RBI unveils strategic push by allowing the opening of rupee accounts outside India

The RBI’s strategic initiatives and financial performance reflect its commitment to fostering a robust economic environment and promoting the global integration of the Indian rupee

PRAVASISAMWAD.COM

The Reserve Bank of India (RBI) has taken a significant step towards internationalising the Indian rupee by allowing the opening of rupee accounts outside India by persons resident outside India (PROIs).

This move is part of the RBI’s strategic plan for the fiscal year 2024-25, aimed at enhancing the global presence of the Indian currency and simplifying norms for non-residents.

In its annual report released on May 30, 2024, the RBI outlined its comprehensive strategy, which includes the liberalisation of the external commercial borrowing (ECB) framework and the launch of the SPECTRA project. SPECTRA, a software platform for ECBs and trade credits reporting and approval, is set to go live in its first phase.

On the financial front, the RBI reported a remarkable 141 per cent increase in its net income for the financial year 2024 (FY24), driven primarily by a significant reduction in expenditures, especially lower provisions.

The central bank emphasised the importance of aligning the Foreign Exchange Management Act (FEMA) operating framework with the evolving macroeconomic environment. “Rationalisation of various guidelines will be of primary focus,” the RBI stated. This includes allowing INR lending by Indian banks to PROIs and facilitating foreign direct investment (FDI) and portfolio investment through special non-resident rupee (SNRR) and special rupee vostro accounts (SRVA).

Additionally, the RBI plans to streamline the Liberalised Remittance Scheme (LRS) and review the International Financial Services Centre (IFSC) regulations under FEMA. These measures aim to support the settlement of bilateral trade in local currencies, further promoting the international use of the Indian rupee.

On the financial front, the RBI reported a remarkable 141 per cent increase in its net income for the financial year 2024 (FY24), driven primarily by a significant reduction in expenditures, especially lower provisions.

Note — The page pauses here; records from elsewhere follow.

lemma multinomial_Cons:
  assumes "s \<le> d"
  shows "multinomial d (s # ss) = real (d choose s) * multinomial (d - s) ss"
proof -
  have "real (d choose s) = fact d / (fact s * fact (d - s))"
    using assms by (simp add: binomial_fact)
  moreover have "real (prod_list (map fact ss)) \<noteq> 0"
    by (induction ss) auto
  ultimately show ?thesis
    by (simp add: multinomial_def field_simps)
qed

lemma sum_partition_chains_tchain:
  assumes "is_partition n \<mu>" "is_partition n \<nu>" "sum_list ss \<le> length \<nu> - length \<mu>"
  shows "real (\<Sum>ms\<in>partition_chains n \<mu> ss. tchain \<mu> ms \<nu>) =
    multinomial (length \<nu> - length \<mu>) ss * real (tcoef \<mu> \<nu>)"
  using assms(1,3)
proof (induction ss arbitrary: \<mu>)
  case (Cons s ss)
  define d where "d = length \<nu> - length \<mu>"
  let ?P = "{m. is_partition n m \<and> length m = length \<mu> + s}"
  have "real (\<Sum>ms\<in>partition_chains n \<mu> (s # ss). tchain \<mu> ms \<nu>) =
      (\<Sum>m\<in>?P. real (tcoef \<mu> m) * real (\<Sum>ms\<in>partition_chains n m ss. tchain m ms \<nu>))"
    by (simp add: sum_partition_chains_Cons)
  also have "\<dots> = (\<Sum>m\<in>?P. multinomial (d - s) ss * real (tcoef \<mu> m * tcoef m \<nu>))"
  proof (intro sum.cong refl)
    fix m assume m: "m \<in> ?P"
    then have "length \<nu> - length m = d - s" "sum_list ss \<le> length \<nu> - length m"
      using Cons.prems(2) by (auto simp: d_def)
    with m Cons.IH show "real (tcoef \<mu> m) * real (\<Sum>ms\<in>partition_chains n m ss. tchain m ms \<nu>) =
        multinomial (d - s) ss * real (tcoef \<mu> m * tcoef m \<nu>)"
      by simp
  qed
  also have "\<dots> = multinomial (d - s) ss * real ((d choose s) * tcoef \<mu> \<nu>)"
    using sum_tcoef_mult_tcoef[OF Cons.prems(1) assms(2), of s]
    by (simp only: d_def flip: sum_distrib_left of_nat_sum)
  also have "\<dots> = multinomial d (s # ss) * real (tcoef \<mu> \<nu>)"
    using Cons.prems(2) by (simp add: multinomial_Cons d_def)
  finally show ?case
    by (simp only: d_def)
qed simp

The net interest income surged to ₹2.1 trillion by the end of March 2024, up from ₹87,420 crore the previous year. This substantial rise in income allowed the RBI to announce a record dividend payout of ₹2.1 trillion to the government for FY24, surpassing both the government’s budget estimate and analysts’ expectations of ₹1 trillion. This payout is 141 per cent higher than the ₹87,416 crore dividend distributed in FY23.